Apart from these unaberrated data, aberrated data were also simulated. We simulated aberrators from a combination of FWHM = 5.0 and 2.5 mm and RMS = 25 and 50 ns, modeled as zero-mean, random near-field phase screens [12]. The selected aberrator levels were consistent with those in the literature for liver and abdominal imaging [44]–[47]. As previously described, twelve realizations were simulated for each aberrator case. We then applied normal DAS, ADMIRE and adaptive ADMIRE with and without phase aberration correction. To implement aberration correction, we used the time-shift compensation method with estimated aberration profile for each A-line channel data at a 3.0 cm depth in a 3.6 mm window (4.7 μs) [33]. Unless stated, aberration profiles are estimated from the filtered data using a spatial cutoff frequency of 0.4 mm⁻¹ [36], [37].

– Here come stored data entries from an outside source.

lemma sum_ceiling_griesmer8:
  assumes t: "t + 3 \<le> 3 * (m - 1)"
  shows "(\<Sum>i<m. nat \<lceil>real (7 * 8 ^ (m - 1) - 7 * 2 ^ t) / 8 ^ i\<rceil>) = 8 ^ m - 8 * 2 ^ t"
proof -
  have "(2::nat) ^ (t + 3) \<le> 2 ^ (3 * (m - 1))"
    using t by (intro power_increasing) auto
  then have small: "8 * 2 ^ t \<le> (8::nat) ^ (m - 1)"
    by (simp add: power_add power_mult)
  have m: "8 ^ m = 8 * (8::nat) ^ (m - 1)"
    using t by (cases m) auto
  have le: "(7 * 2 ^ t) div 8 ^ i \<le> 7 * (8::nat) ^ (m - 1 - i)"
    and summand: "nat \<lceil>real (7 * 8 ^ (m - 1) - 7 * 2 ^ t) / 8 ^ i\<rceil>
                 = 7 * 8 ^ (m - 1 - i) - (7 * 2 ^ t) div 8 ^ i"
    if "i < m" for i
  proof -
    have split: "(8::nat) ^ (m - 1) = 8 ^ i * 8 ^ (m - 1 - i)"
      using that by (simp flip: power_add)
    have "(7 * 2 ^ t) div 8 ^ i \<le> (7 * 8 ^ (m - 1)) div (8::nat) ^ i"
      using small by (intro div_le_mono) simp
    then show le: "(7 * 2 ^ t) div 8 ^ i \<le> 7 * (8::nat) ^ (m - 1 - i)"
      unfolding split by simp
    have "real (7 * 8 ^ (m - 1) - 7 * 2 ^ t) / 8 ^ i
          = of_int (int (7 * 8 ^ (m - 1 - i))) - real (7 * 2 ^ t) / real (8 ^ i)"
      using small unfolding split by (simp add: of_nat_diff diff_divide_distrib)
    then have "\<lceil>real (7 * 8 ^ (m - 1) - 7 * 2 ^ t) / 8 ^ i\<rceil>
               = int (7 * 8 ^ (m - 1 - i)) - \<lfloor>real (7 * 2 ^ t) / real (8 ^ i)\<rfloor>"
      by (simp only: ceiling_of_int_diff)
    also have "\<lfloor>real (7 * 2 ^ t) / real (8 ^ i)\<rfloor> = int ((7 * 2 ^ t) div 8 ^ i)"
      by (rule floor_divide_of_nat_eq)
    finally show "nat \<lceil>real (7 * 8 ^ (m - 1) - 7 * 2 ^ t) / 8 ^ i\<rceil>
                 = 7 * 8 ^ (m - 1 - i) - (7 * 2 ^ t) div 8 ^ i"
      using le by (metis nat_int of_nat_diff)
  qed
  have "(\<Sum>i<m. nat \<lceil>real (7 * 8 ^ (m - 1) - 7 * 2 ^ t) / 8 ^ i\<rceil>)
        = (\<Sum>i<m. 7 * 8 ^ (m - 1 - i) - (7 * 2 ^ t) div 8 ^ i)"
    using summand by simp
  also have "\<dots> = (\<Sum>i<m. 7 * 8 ^ (m - 1 - i)) - (\<Sum>i<m. (7 * 2 ^ t) div 8 ^ i)"
    by (rule sum_subtractf_nat) (use le in simp)
  also have "(\<Sum>i<m. 7 * 8 ^ (m - 1 - i)) = (8 ^ m - 1 :: nat)"
    using sum.nat_diff_reindex[of "\<lambda>i. 7 * (8::nat) ^ i" m] sum_geometric8[of m] by simp
  also have "(\<Sum>i<m. (7 * 2 ^ t) div 8 ^ i) = (8 * 2 ^ t - 1 :: nat)"
  proof (rule sum_div_pow8)
    have "7 * 2 ^ t < 8 * (2::nat) ^ t"
      by simp
    also have "\<dots> \<le> 8 ^ (m - 1)"
      by (rule small)
    also have "\<dots> < 8 ^ m"
      unfolding m by simp
    finally show "7 * 2 ^ t < (8::nat) ^ m" .
  qed
  finally show ?thesis
    using small m by simp
qed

For a metric of image quality, energy suppression was quantified with the enveloped but uncompressed B-mode data, by computing the ratio of the average intensity from adjacent point targets specified as the sum of power above −10 dB normalized by area $\left({\overline{I}}_{\mathit{sig}}\right)$ and off-axis clutter energy specified as the sum of power below −10 dB normalized by area between the two points (I_clutter), expressed by clutter ratio (CR),

$$CR=10\log 10\left(\frac{{\overline{I}}_{\mathit{sig}}}{I_{\mathit{clutter}}}\right).$$ (18)

We then determined clutter ratios with different lateral separation lengths from DAS only and ADMIRE without aberration. We also measured the following in the presence of aberration: DAS, ADMIRE and adaptive ADMIRE with and without aberration correction. These simulations allowed us to test whether the suppression of phase aberration using ADMIRE has a positive effect on image quality.

We also simulated anechoic cyst phantoms in Field II to further evaluate the performance of ADMIRE and adaptive ADMIRE in highly aberrated wavefronts with and without reverberation clutter. The anechoic cyst was a 5 mm diameter circle 3 cm deep, while the background speckle was fully developed with a density of 25 scatterers per resolution cell [40], as indicated in the above section.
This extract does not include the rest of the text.